━━ Stored data

lemma bridged_odd_unique_child:
  assumes w: "w \<in> odds bridged" and N: "N \<in> nodes bridged" "N' \<in> nodes bridged"
    and p: "par bridged N = Some {w}" "par bridged N' = Some {w}"
  shows "N = N'"
proof -
  have w_odd: "w \<in> odds s" using w by (simp add: bridged_fields)
  have "base s B \<in> new_blossom"
    using base_in_blossom[OF B_blossom] ends_in_cycle_nodes(3) unfolding new_blossom_def by blast
  moreover have "base s B \<noteq> w" using w_odd base_B_even evens_odds_disjoint by auto
  ultimately have new_ne: "new_blossom \<noteq> {w}" by auto
  define orig where "orig K = (if K = new_blossom then B else K)" for K
  have orig: "orig K \<in> nodes s \<and> par s (orig K) = Some {w} \<and> (K = new_blossom \<or> K \<notin> cycle_nodes)"
    if K: "K \<in> nodes bridged" "par bridged K = Some {w}" for K
  proof (cases "K = new_blossom")
    case True
    then show ?thesis using K(2) B_node by (simp add: orig_def bridged_fields)
  next
    case False
    then have K_old: "K \<in> nodes s" "K \<notin> cycle_nodes" using K(1) nodes_bridged by auto
    then obtain P0 where "par s K = Some P0" "{w} = (if P0 \<in> cycle_nodes then new_blossom else P0)"
      using K(2) par_bridged_outside[OF K_old(2) False] by (cases "par s K") simp_all
    then have "par s K = Some {w}" using new_ne by (auto split: if_splits)
    then show ?thesis using K_old False by (simp add: orig_def)
  qed
  have oN: "orig N \<in> nodes s" "par s (orig N) = Some {w}" "N = new_blossom \<or> N \<notin> cycle_nodes"
    using orig[OF N(1) p(1)] by blast+
  have oN': "orig N' \<in> nodes s" "par s (orig N') = Some {w}" "N' = new_blossom \<or> N' \<notin> cycle_nodes"
    using orig[OF N(2) p(2)] by blast+
  have "orig N = orig N'" using odd_unique_child[OF w_odd oN(1) oN'(1) oN(2) oN'(2)] .
  then show "N = N'"
    using oN(3) oN'(3) ends_in_cycle_nodes(3) unfolding orig_def by (auto split: if_splits)
qed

━━━━

What the exercise asks: For each line above that includes "then", copy the line.

Your solution:
  define orig where "orig K = (if K = new_blossom then B else K)" for K
    then show ?thesis using K(2) B_node by (simp add: orig_def bridged_fields)
    then have K_old: "K \<in> nodes s" "K \<notin> cycle_nodes" using K(1) nodes_bridged by auto
    then obtain P0 where "par s K = Some P0" "{w} = (if P0 \<in> cycle_nodes then new_blossom else P0)"
    then have "par s K = Some {w}" using new_ne by (auto split: if_splits)
    then show ?thesis using K_old False by (simp add: orig_def)
  then show "N = N'"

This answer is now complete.